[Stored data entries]
════

(* Let $\varphi\colon\mathcal{M}\to\mathcal{X}$ be a smooth lift, $y\in\mathcal{M}$ and $x=\varphi(y)$. Then $\varphi$ satisfies "1 $\Rightarrow$ 1" at $y$ if and only if $\operatorname{im}\mathrm{D}\varphi(y)=\mathrm{T}_x\mathcal{X}$. Moreover, if $\varphi$ does not satisfy "1 $\Rightarrow$ 1" at $y$, there is a linear cost $f\colon\mathcal{E}\to\mathbb{R}$ such that $y$ is 1-critical for $g=f\circ\varphi$ on $\mathcal{M}$ but $x$ is not stationary for $f$ on $\mathcal{X}$.
   Context: Let $\mathcal{E}$ be a finite-dimensional real inner product space and $\mathcal{M}$ a smooth manifold. A smooth lift of $\mathcal{X}\subseteq\mathcal{E}$ is a smooth map $\varphi\colon\mathcal{M}\to\mathcal{E}$ with $\varphi(\mathcal{M})=\mathcal{X}$; $\mathrm{D}\varphi(y)\colon\mathrm{T}_y\mathcal{M}\to\mathcal{E}$ is its differential. The tangent cone to $\mathcal{X}$ at $x\in\mathcal{X}$ is $\mathrm{T}_x\mathcal{X}=\{\lim_{i\to\infty}(x_i-x)/\tau_i : x_i\in\mathcal{X},\ \tau_i>0,\ \tau_i\to0\}$. For a cone $K$, $K^*=\{u\in\mathcal{E}:\langle u,v\rangle\ge0\ \forall v\in K\}$. For differentiable $f\colon\mathcal{E}\to\mathbb{R}$, $x\in\mathcal{X}$ is stationary for $f$ on $\mathcal{X}$ if $\mathrm{D}f(x)[v]\ge0$ for all $v\in\mathrm{T}_x\mathcal{X}$, i.e. $\nabla f(x)\in(\mathrm{T}_x\mathcal{X})^*$. With $g=f\circ\varphi$, $y\in\mathcal{M}$ is 1-critical if $(g\circ c)'(0)=0$ for every smooth curve $c\colon\mathbb{R}\to\mathcal{M}$ with $c(0)=y$. The lift satisfies "1 $\Rightarrow$ 1" at $y$ if for every differentiable $f$, whenever $y$ is 1-critical for $g$, $\varphi(y)$ is stationary for $f$ on $\mathcal{X}$. *)

theory Defs
  imports "HOL-Analysis.Analysis"
begin

text \<open>In finite dimensions this is exactly the usual notion of a C-infinity map.\<close>
coinductive smooth_on :: "'a::real_normed_vector set \<Rightarrow> ('a \<Rightarrow> 'b::real_normed_vector) \<Rightarrow> bool"
  for S :: "'a set" where
  "\<lbrakk>\<forall>x\<in>S. f differentiable (at x);
    \<forall>v. smooth_on S (\<lambda>x. frechet_derivative f (at x) v)\<rbrakk> \<Longrightarrow> smooth_on S f"

text \<open>A smooth atlas on the topological space 'm (the manifold M is the whole type),
  modelled on the Euclidean space 'n.\<close>
definition smooth_atlas :: "('m::topological_space set \<times> ('m \<Rightarrow> 'n::euclidean_space)) set \<Rightarrow> bool" where
  "smooth_atlas A \<longleftrightarrow>
     \<Union>(fst ` A) = UNIV \<and>
     (\<forall>(U,\<psi>)\<in>A. open U \<and> open (\<psi> ` U) \<and> homeomorphism U (\<psi> ` U) \<psi> (inv_into U \<psi>)) \<and>
     (\<forall>(U,\<psi>)\<in>A. \<forall>(V,\<theta>)\<in>A. smooth_on (\<psi> ` (U \<inter> V)) (\<theta> \<circ> inv_into U \<psi>))"

definition smooth_map :: "('m::topological_space set \<times> ('m \<Rightarrow> 'n::euclidean_space)) set
    \<Rightarrow> ('m \<Rightarrow> 'e::real_normed_vector) \<Rightarrow> bool" where
  "smooth_map A \<phi> \<longleftrightarrow> (\<forall>(U,\<psi>)\<in>A. smooth_on (\<psi> ` U) (\<phi> \<circ> inv_into U \<psi>))"

definition smooth_curve :: "('m::topological_space set \<times> ('m \<Rightarrow> 'n::euclidean_space)) set
    \<Rightarrow> (real \<Rightarrow> 'm) \<Rightarrow> bool" where
  "smooth_curve A c \<longleftrightarrow> continuous_on UNIV c \<and> (\<forall>(U,\<psi>)\<in>A. smooth_on (c -` U) (\<psi> \<circ> c))"

text \<open>The image of the differential D phi(y), computed in a chart around y
  (chart-independent).\<close>
definition diff_image :: "('m::topological_space set \<times> ('m \<Rightarrow> 'n::euclidean_space)) set
    \<Rightarrow> ('m \<Rightarrow> 'e::real_normed_vector) \<Rightarrow> 'm \<Rightarrow> 'e set" where
  "diff_image A \<phi> y = (SOME W. \<exists>(U,\<psi>)\<in>A. y \<in> U \<and>
       W = range (frechet_derivative (\<phi> \<circ> inv_into U \<psi>) (at (\<psi> y))))"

════

WORK INSTRUCTIONS:
Note every line above where the string "bool" shows up, and copy those lines.

SOLVED PROBLEM:
coinductive smooth_on :: "'a::real_normed_vector set \<Rightarrow> ('a \<Rightarrow> 'b::real_normed_vector) \<Rightarrow> bool"
definition smooth_atlas :: "('m::topological_space set \<times> ('m \<Rightarrow> 'n::euclidean_space)) set \<Rightarrow> bool" where
    \<Rightarrow> ('m \<Rightarrow> 'e::real_normed_vector) \<Rightarrow> bool" where
    \<Rightarrow> (real \<Rightarrow> 'm) \<Rightarrow> bool" where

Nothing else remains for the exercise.